* [Task goal]
Beginning with the line that holds "using pre_monad unfolding pre_monad_def by" in the data below, give again every line through the one that holds "using hcomp_eq_vcomp_whisker_left[of eta mu]", exactly as written.

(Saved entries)
# # # #
lemma coercive_conv:
  assumes "P2dens \<rho>"
  shows "lam / 4 * (norm x)\<^sup>2 - lam / 2 * (LINT y|lborel. (norm y)\<^sup>2 * \<rho> y) \<le> conv K \<rho> x"
proof -
  have \<rho>: "integrable lborel \<rho>" "integral\<^sup>L lborel \<rho> = 1" "integrable lborel (\<lambda>y. (norm y)\<^sup>2 * \<rho> y)"
    "\<And>y. 0 \<le> \<rho> y"
    using assms by (auto simp: P2dens_def)
  have "lam / 4 * (norm x)\<^sup>2 - lam / 2 * (LINT y|lborel. (norm y)\<^sup>2 * \<rho> y)
      = (LINT y|lborel. lam / 4 * (norm x)\<^sup>2 * \<rho> y - lam / 2 * ((norm y)\<^sup>2 * \<rho> y))"
    using \<rho> by simp
  also have "\<dots> \<le> conv K \<rho> x"
    unfolding conv_def
  proof (rule integral_mono)
    show "integrable lborel (\<lambda>y. K (x - y) * \<rho> y)"
      using integrable_conv_integrand assms P2dens_finite_second_moment by blast
    fix y
    have "lam / 4 * (norm x)\<^sup>2 - lam / 2 * (norm y)\<^sup>2 \<le> lam / 2 * (norm (x - y))\<^sup>2"
      using mult_left_mono[OF norm_diff_squared_le[of "x - y" "- y"], of "lam / 4"] lam_pos
      by (simp add: algebra_simps)
    also have "\<dots> \<le> K (x - y)" by (rule lower_bound)
    finally have "lam / 4 * (norm x)\<^sup>2 - lam / 2 * (norm y)\<^sup>2 \<le> K (x - y)" .
    from mult_right_mono[OF this \<rho>(4)[of y]]
    show "lam / 4 * (norm x)\<^sup>2 * \<rho> y - lam / 2 * ((norm y)\<^sup>2 * \<rho> y) \<le> K (x - y) * \<rho> y"
      by (simp add: algebra_simps)
  qed (use \<rho> in simp)
  finally show ?thesis .
qed

lemma bounded_sublevel_conv:
  assumes "P2dens \<rho>"
  shows "bounded {x. conv K \<rho> x \<le> C}"
proof -
  define m2 where "m2 = (LINT y|lborel. (norm y)\<^sup>2 * \<rho> y)"
  have "norm x \<le> sqrt (4 / lam * (C + lam / 2 * m2))" if "conv K \<rho> x \<le> C" for x
  proof -
    have "lam / 4 * (norm x)\<^sup>2 \<le> C + lam / 2 * m2"
      using coercive_conv[OF assms, of x] that unfolding m2_def by simp
    then have "(norm x)\<^sup>2 \<le> 4 / lam * (C + lam / 2 * m2)"
      using lam_pos by (simp add: field_simps)
    then show ?thesis by (simp add: real_le_rsqrt)
  qed
  then show ?thesis unfolding bounded_iff by blast
qed

end

section \<open>Supports of densities\<close>

lemma emeasure_lborel_open_nonzero:
  fixes U :: "'a::euclidean_space set"
  assumes "open U" and "U \<noteq> {}"
  shows "emeasure lborel U \<noteq> 0"
proof
  assume U0: "emeasure lborel U = 0"
  obtain y r where "r > 0" "ball y r \<subseteq> U"
    using assms open_contains_ball by blast
  then have "emeasure lborel (ball y r) = 0"
    using U0 assms(1) emeasure_mono[of "ball y r" U lborel] by simp
  then show False
    using content_ball_pos[OF \<open>r > 0\<close>, of y] by (simp add: measure_def)
qed

lemma dsupp_eq_closure:
  fixes \<rho> :: "'a::euclidean_space \<Rightarrow> real"
  assumes [measurable]: "\<rho> \<in> borel_measurable lborel" and \<rho>_nonneg: "\<And>x. 0 \<le> \<rho> x"
    and U: "open U" and positive_on_U: "AE x in lborel. 0 < \<rho> x \<longleftrightarrow> x \<in> U"
  shows "dsupp \<rho> = closure U"
proof -
  have [measurable]: "U \<in> sets lborel" "ball x e \<in> sets borel" for x :: 'a and e
    using U by auto
  have charge: "0 < emeasure (density lborel \<rho>) (ball x e) \<longleftrightarrow> ball x e \<inter> U \<noteq> {}" for x e
  proof -
    have "emeasure (density lborel \<rho>) (ball x e) = (\<integral>\<^sup>+ y. ennreal (\<rho> y) * indicator (ball x e) y \<partial>lborel)"
      by (rule emeasure_density) auto
    also have "\<dots> = 0 \<longleftrightarrow> (AE y in lborel. ennreal (\<rho> y) * indicator (ball x e) y = 0)"
      by (rule nn_integral_0_iff_AE) measurable
    also have "(AE y in lborel. ennreal (\<rho> y) * indicator (ball x e) y = 0)
        \<longleftrightarrow> (AE y in lborel. y \<notin> ball x e \<inter> U)"
      using \<rho>_nonneg
      by (intro eventually_cong[OF positive_on_U]) (auto simp: indicator_def not_less intro: antisym)
    also have "\<dots> \<longleftrightarrow> emeasure lborel (ball x e \<inter> U) = 0"
      by (rule AE_iff_measurable) auto
    also have "\<dots> \<longleftrightarrow> ball x e \<inter> U = {}"
      using emeasure_lborel_open_nonzero[of "ball x e \<inter> U"] U by auto
    finally show ?thesis by (simp add: zero_less_iff_neq_zero)
  qed
  have "ball x e \<inter> U \<noteq> {} \<longleftrightarrow> (\<exists>y\<in>U. dist y x < e)" for x e
    by (auto simp: dist_commute set_eq_iff)
  then show ?thesis
    unfolding dsupp_def charge by (auto simp: closure_approachable)
qed

lemma convex_sublevel:
  assumes "convex_on UNIV V"
  shows "convex {x. V x \<le> C}"
proof (rule convexI)
  fix x y and u v :: real
  assume xy: "x \<in> {x. V x \<le> C}" "y \<in> {x. V x \<le> C}" and uv: "0 \<le> u" "0 \<le> v" "u + v = 1"
  have u: "u = 1 - v" using uv by simp
  have "V (u *\<^sub>R x + v *\<^sub>R y) \<le> u * V x + v * V y"
    unfolding u using uv by (intro convex_onD[OF assms]) auto
  also have "\<dots> \<le> u * C + v * C"
    using xy uv by (intro add_mono mult_left_mono) auto
  finally show "u *\<^sub>R x + v *\<^sub>R y \<in> {x. V x \<le> C}"
    using uv by (simp add: distrib_right[symmetric])
qed

lemma closure_strict_sublevel:
  fixes V :: "'a::real_normed_vector \<Rightarrow> real"
  assumes V: "continuous_on UNIV V" "convex_on UNIV V" and z: "V z < C"
  shows "closure {x. V x < C} = {x. V x \<le> C}"
proof
  show "closure {x. V x < C} \<subseteq> {x. V x \<le> C}"
    using closed_Collect_le[OF V(1) continuous_on_const] by (intro closure_minimal) auto
  show "{x. V x \<le> C} \<subseteq> closure {x. V x < C}"
  proof
    fix x assume x: "x \<in> {x. V x \<le> C}"
    define t where "t n = inverse (real (Suc n))" for n
    have "V ((1 - t n) *\<^sub>R x + t n *\<^sub>R z) < C" for n
    proof -
      have t: "0 < t n" "t n \<le> 1" by (auto simp: t_def field_simps)
      have "V ((1 - t n) *\<^sub>R x + t n *\<^sub>R z) \<le> (1 - t n) * V x + t n * V z"
        using t by (intro convex_onD[OF V(2)]) auto
      also have "\<dots> < (1 - t n) * C + t n * C"
        using x z t by (intro add_le_less_mono mult_left_mono mult_strict_left_mono) auto
      finally show ?thesis by (simp add: algebra_simps)
    qed
    moreover have "(\<lambda>n. (1 - t n) *\<^sub>R x + t n *\<^sub>R z) \<longlonglongrightarrow> (1 - 0) *\<^sub>R x + 0 *\<^sub>R z"
      unfolding t_def by (intro tendsto_intros LIMSEQ_inverse_real_of_nat)
    ultimately show "x \<in> closure {x. V x < C}"
      unfolding closure_sequential by (intro exI[of _ "\<lambda>n. (1 - t n) *\<^sub>R x + t n *\<^sub>R z"]) auto
  qed
qed

lemma dsupp_eq_sublevel:
  fixes \<rho> V :: "'a::euclidean_space \<Rightarrow> real"
  assumes \<rho>: "P2dens \<rho>"
    and V: "continuous_on UNIV V" "convex_on UNIV V" "\<And>x. 0 \<le> V x" "bounded {x. V x \<le> C}"
    and positive_where_below: "AE x in lborel. 0 < \<rho> x \<longleftrightarrow> V x < C"
  shows "0 < C" "dsupp \<rho> = {x. V x \<le> C}" "compact (dsupp \<rho>)" "convex (dsupp \<rho>)"
proof -
  have \<rho>_meas: "\<rho> \<in> borel_measurable lborel" and \<rho>_nonneg: "\<And>x. 0 \<le> \<rho> x"
    and "integral\<^sup>L lborel \<rho> = 1"
    using \<rho> by (auto simp: P2dens_def)
  have "\<not> (AE x in lborel. V x \<ge> C)"
  proof
    assume "AE x in lborel. V x \<ge> C"
    then have "AE x in lborel. \<rho> x = 0"
      using positive_where_below
      by eventually_elim (use \<rho>_nonneg in \<open>auto simp: not_less intro: antisym\<close>)
    then have "integral\<^sup>L lborel \<rho> = 0"
      by (simp add: integral_cong_AE[OF \<rho>_meas, of "\<lambda>_. 0"])
    with \<open>integral\<^sup>L lborel \<rho> = 1\<close> show False by simp
  qed
  then obtain z where z: "V z < C"
    by (metis (mono_tags, lifting) AE_I2 not_le)
  then show "0 < C" using V(3)[of z] by linarith
  have "dsupp \<rho> = closure {x. V x < C}"
    using open_Collect_less[OF V(1) continuous_on_const] positive_where_below
    by (intro dsupp_eq_closure[OF \<rho>_meas \<rho>_nonneg]) auto
  then show dsupp: "dsupp \<rho> = {x. V x \<le> C}"
    using closure_strict_sublevel[OF V(1,2) z] by simp
  show "compact (dsupp \<rho>)"
    unfolding dsupp compact_eq_bounded_closed
    using V(4) closed_Collect_le[OF V(1) continuous_on_const] by blast
  show "convex (dsupp \<rho>)"
    unfolding dsupp using convex_sublevel[OF V(2)] .
qed

section \<open>The local energy density\<close>

lemma derivative_mono_if_convex_on_nonneg:
  fixes \<phi> d :: "real \<Rightarrow> real"
  assumes convex: "convex_on {0..} \<phi>"
    and deriv: "\<And>r. 0 \<le> r \<Longrightarrow> (\<phi> has_real_derivative d r) (at r within {0..})"
    and continuous: "continuous_on {0..} d"
    and "0 \<le> x" "x \<le> y"
  shows "d x \<le> d y"
proof -
  have interior: "d x \<le> d y" if "0 < x" "x \<le> y" for x y
  proof -
    have "x \<in> interior {0..}" "y \<in> interior {0..}" using that by auto
    then have "d x * (y - x) \<le> \<phi> y - \<phi> x" "d y * (x - y) \<le> \<phi> x - \<phi> y"
      using that deriv by (auto intro!: convex_on_imp_above_tangent[OF convex])
    then have "0 \<le> (d y - d x) * (y - x)" by (simp add: algebra_simps)
    then show ?thesis using that by (cases "x = y") (auto simp: zero_le_mult_iff)
  qed
  text \<open>At the boundary point 0 no tangent is available; approximate from the right instead.\<close>
  have "d 0 \<le> d y" if "0 < y" for y
  proof -
    have "((\<lambda>z. d z) \<longlongrightarrow> d 0) (at_right 0)"
      using continuous by (auto simp: continuous_on_def at_within_Icc_at_right
          intro: tendsto_within_subset[of _ _ _ "{0..}"])
    moreover have "eventually (\<lambda>z. d z \<le> d y) (at_right 0)"
      using eventually_at_right_real[OF that] by eventually_elim (auto intro: interior)
    ultimately show ?thesis by (rule tendsto_upperbound) simp
  qed
  with interior assms(4,5) show ?thesis by (cases "x = 0"; cases "y = 0") auto
qed
lemma hcomp_assoc:
  "a \<in> cells K \<Longrightarrow> b \<in> cells K \<Longrightarrow> c \<in> cells K \<Longrightarrow> src K (dom2 K a) = trg K (dom2 K b) \<Longrightarrow>
   src K (dom2 K b) = trg K (dom2 K c) \<Longrightarrow> hcomp K a (hcomp K b c) = hcomp K (hcomp K a b) c"
  using two_category unfolding two_category_def by blast

lemma interchange:
  "a \<in> cells K \<Longrightarrow> b \<in> cells K \<Longrightarrow> c \<in> cells K \<Longrightarrow> d \<in> cells K \<Longrightarrow>
   dom2 K a = cod2 K b \<Longrightarrow> dom2 K c = cod2 K d \<Longrightarrow> src K (dom2 K a) = trg K (dom2 K c) \<Longrightarrow>
   hcomp K (vcomp K a b) (vcomp K c d) = vcomp K (hcomp K a c) (hcomp K b d)"
  using two_category unfolding two_category_def by blast

lemma hcomp_eq_whisker_vcomp_whisker:
  assumes "a \<in> cells K" "b \<in> cells K" "src K (dom2 K a) = trg K (dom2 K b)"
  shows "hcomp K a b = vcomp K (hcomp K a (id2 K (cod2 K b))) (hcomp K (id2 K (dom2 K a)) b)"
  using assms interchange[of a "id2 K (dom2 K a)" "id2 K (cod2 K b)" b] by simp

lemma hcomp_eq_whisker_vcomp_whisker':
  assumes "a \<in> cells K" "b \<in> cells K" "src K (dom2 K a) = trg K (dom2 K b)"
  shows "hcomp K a b = vcomp K (hcomp K (id2 K (cod2 K a)) b) (hcomp K a (id2 K (dom2 K b)))"
  using assms interchange[of "id2 K (cod2 K a)" a b "id2 K (dom2 K b)"] by simp

lemma hcomp_eq_vcomp_whisker_left:
  assumes "a \<in> cells K" "b \<in> cells K" "dom2 K a = id1 K (trg K (dom2 K b))"
  shows "hcomp K a b = vcomp K (hcomp K a (id2 K (cod2 K b))) b"
  using assms hcomp_eq_whisker_vcomp_whisker[of a b] by simp

lemma hcomp_eq_vcomp_whisker_right:
  assumes "a \<in> cells K" "b \<in> cells K" "dom2 K b = id1 K (src K (dom2 K a))"
  shows "hcomp K a b = vcomp K (hcomp K (id2 K (cod2 K a)) b) a"
  using assms hcomp_eq_whisker_vcomp_whisker'[of a b] by simp

lemma hcomp_vcomp_whisker_left:
  assumes "c \<in> cells K" "d \<in> cells K" "a \<in> cells K" "dom2 K c = cod2 K a"
    and "src K (dom2 K c) = trg K (dom2 K d)"
  shows "vcomp K (hcomp K c d) (hcomp K a (id2 K (dom2 K d))) = hcomp K (vcomp K c a) d"
  using assms interchange[of c a d "id2 K (dom2 K d)"] by simp

lemma hcomp_vcomp_whisker_right:
  assumes "c \<in> cells K" "d \<in> cells K" "b \<in> cells K" "dom2 K d = cod2 K b"
    and "src K (dom2 K c) = trg K (dom2 K d)"
  shows "vcomp K (hcomp K c d) (hcomp K (id2 K (dom2 K c)) b) = hcomp K c (vcomp K d b)"
  using assms interchange[of c "id2 K (dom2 K c)" d b] by simp

end

locale pre_monad_in_two_category = strict_two_category +
  fixes k t mu eta
  assumes pre_monad: "pre_monad K k t mu eta"
begin

lemma obj_k [simp]: "k \<in> obs K"
  and arr_t [simp]: "t \<in> arrs K" and src_t [simp]: "src K t = k" and trg_t [simp]: "trg K t = k"
  and cell_mu [simp]: "mu \<in> cells K" and dom2_mu [simp]: "dom2 K mu = comp1 K t t"
  and cod2_mu [simp]: "cod2 K mu = t"
  and cell_eta [simp]: "eta \<in> cells K" and dom2_eta [simp]: "dom2 K eta = id1 K k"
  and cod2_eta [simp]: "cod2 K eta = t"
  using pre_monad unfolding pre_monad_def endo_data_def by auto

lemma mu_assoc: "vcomp K mu (hcomp K mu (id2 K t)) = vcomp K mu (hcomp K (id2 K t) mu)"
  and mu_eta_whisker_left_right: "vcomp K mu (hcomp K eta (id2 K t)) = vcomp K mu (hcomp K (id2 K t) eta)"
  and mu_eta_eta: "vcomp K mu (hcomp K eta eta) = eta"
  and mu_mu_eta_whisker:
    "vcomp K mu (vcomp K (hcomp K mu (id2 K t)) (hcomp K eta (id2 K (comp1 K t t)))) = mu"
  using pre_monad unfolding pre_monad_def by auto

definition unit_idem :: 'c where
  "unit_idem = vcomp K mu (hcomp K eta (id2 K t))"

lemma cell_unit_idem [simp]: "unit_idem \<in> cells K"
  and dom2_unit_idem [simp]: "dom2 K unit_idem = t"
  and cod2_unit_idem [simp]: "cod2 K unit_idem = t"
  unfolding unit_idem_def by simp_all

lemma eta_whisker_naturality:
  "vcomp K (hcomp K eta (id2 K t)) mu = vcomp K (hcomp K (id2 K t) mu) (hcomp K eta (id2 K (comp1 K t t)))"
  using hcomp_eq_vcomp_whisker_left[of eta mu] hcomp_eq_whisker_vcomp_whisker'[of eta mu] by simp

lemma unit_idem_vcomp_mu: "vcomp K unit_idem mu = mu"
proof -
  have "vcomp K unit_idem mu = vcomp K mu (vcomp K (hcomp K eta (id2 K t)) mu)"
    unfolding unit_idem_def by (simp add: vcomp_assoc)
  also have "\<dots> = vcomp K (vcomp K mu (hcomp K mu (id2 K t))) (hcomp K eta (id2 K (comp1 K t t)))"
    unfolding eta_whisker_naturality mu_assoc by (simp add: vcomp_assoc)
  also have "\<dots> = mu"
    using mu_mu_eta_whisker by (simp add: vcomp_assoc comp1_assoc)
  finally show ?thesis .
qed

lemma unit_idem_vcomp_eta: "vcomp K unit_idem eta = eta"
  using hcomp_eq_vcomp_whisker_left[of eta eta] mu_eta_eta
  unfolding unit_idem_def by (simp add: vcomp_assoc)

lemma idempotent_unit_idem: "idempotent2 K unit_idem"
  using unit_idem_vcomp_mu unfolding idempotent2_def
  by (simp add: unit_idem_def vcomp_assoc)

end

locale split_pre_monad = pre_monad_in_two_category +
  fixes th pi iota
  assumes arr_th [simp]: "th \<in> arrs K" and src_th [simp]: "src K th = k" and trg_th [simp]: "trg K th = k"
    and cell_pi [simp]: "pi \<in> cells K" and dom2_pi [simp]: "dom2 K pi = t" and cod2_pi [simp]: "cod2 K pi = th"
    and cell_iota [simp]: "iota \<in> cells K" and dom2_iota [simp]: "dom2 K iota = th"
    and cod2_iota [simp]: "cod2 K iota = t"
    and iota_pi: "vcomp K iota pi = unit_idem"
    and pi_iota: "vcomp K pi iota = id2 K th"
begin

definition hat_mu :: 'c where
  "hat_mu = vcomp K pi (vcomp K mu (hcomp K iota iota))"

definition hat_eta :: 'c where
  "hat_eta = vcomp K pi eta"

lemma cell_hat_mu [simp]: "hat_mu \<in> cells K"
  and dom2_hat_mu [simp]: "dom2 K hat_mu = comp1 K th th"
  and cod2_hat_mu [simp]: "cod2 K hat_mu = th"
  unfolding hat_mu_def by simp_all

lemma cell_hat_eta [simp]: "hat_eta \<in> cells K"
  and dom2_hat_eta [simp]: "dom2 K hat_eta = id1 K k"
  and cod2_hat_eta [simp]: "cod2 K hat_eta = th"
  unfolding hat_eta_def by simp_all

lemma iota_pi_fixes:
  assumes "a \<in> cells K" "cod2 K a = t" "vcomp K unit_idem a = a"
  shows "vcomp K iota (vcomp K pi a) = a"
  using assms by (simp add: vcomp_assoc iota_pi)

lemma pi_unit_idem_iota: "vcomp K pi (vcomp K unit_idem iota) = id2 K th"
  by (simp add: vcomp_assoc flip: iota_pi) (simp add: pi_iota)

lemma hat_unit_left: "vcomp K hat_mu (hcomp K hat_eta (id2 K th)) = id2 K th"
proof -
  have "vcomp K (hcomp K iota iota) (hcomp K hat_eta (id2 K th)) = hcomp K eta iota"
    using hcomp_vcomp_whisker_left[of iota iota hat_eta] iota_pi_fixes[of eta]
    by (simp add: hat_eta_def unit_idem_vcomp_eta)
  also have "\<dots> = vcomp K (hcomp K eta (id2 K t)) iota"
    using hcomp_eq_vcomp_whisker_left[of eta iota] by simp
  finally have whisker:
    "vcomp K (hcomp K iota iota) (hcomp K hat_eta (id2 K th)) = vcomp K (hcomp K eta (id2 K t)) iota" .
  have "vcomp K hat_mu (hcomp K hat_eta (id2 K th)) =
      vcomp K pi (vcomp K mu (vcomp K (hcomp K iota iota) (hcomp K hat_eta (id2 K th))))"
    by (simp add: hat_mu_def vcomp_assoc)
  also have "\<dots> = vcomp K pi (vcomp K unit_idem iota)"
    unfolding whisker by (simp add: unit_idem_def vcomp_assoc)
  finally show ?thesis
    using pi_unit_idem_iota by simp
qed

lemma hat_unit_right: "vcomp K hat_mu (hcomp K (id2 K th) hat_eta) = id2 K th"
proof -
  have "vcomp K (hcomp K iota iota) (hcomp K (id2 K th) hat_eta) = hcomp K iota eta"
    using hcomp_vcomp_whisker_right[of iota iota hat_eta] iota_pi_fixes[of eta]
    by (simp add: hat_eta_def unit_idem_vcomp_eta)
  also have "\<dots> = vcomp K (hcomp K (id2 K t) eta) iota"
    using hcomp_eq_vcomp_whisker_right[of iota eta] by simp
  finally have whisker:
    "vcomp K (hcomp K iota iota) (hcomp K (id2 K th) hat_eta) = vcomp K (hcomp K (id2 K t) eta) iota" .
  have "vcomp K hat_mu (hcomp K (id2 K th) hat_eta) =
      vcomp K pi (vcomp K mu (vcomp K (hcomp K iota iota) (hcomp K (id2 K th) hat_eta)))"
    by (simp add: hat_mu_def vcomp_assoc)
  also have "\<dots> = vcomp K pi (vcomp K unit_idem iota)"
    unfolding whisker unit_idem_def mu_eta_whisker_left_right by (simp add: vcomp_assoc)
  finally show ?thesis
    using pi_unit_idem_iota by simp
qed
# # # #
* [Answer box]
  using pre_monad unfolding pre_monad_def by auto

definition unit_idem :: 'c where
  "unit_idem = vcomp K mu (hcomp K eta (id2 K t))"

lemma cell_unit_idem [simp]: "unit_idem \<in> cells K"
  and dom2_unit_idem [simp]: "dom2 K unit_idem = t"
  and cod2_unit_idem [simp]: "cod2 K unit_idem = t"
  unfolding unit_idem_def by simp_all

lemma eta_whisker_naturality:
  "vcomp K (hcomp K eta (id2 K t)) mu = vcomp K (hcomp K (id2 K t) mu) (hcomp K eta (id2 K (comp1 K t t)))"
  using hcomp_eq_vcomp_whisker_left[of eta mu] hcomp_eq_whisker_vcomp_whisker'[of eta mu] by simp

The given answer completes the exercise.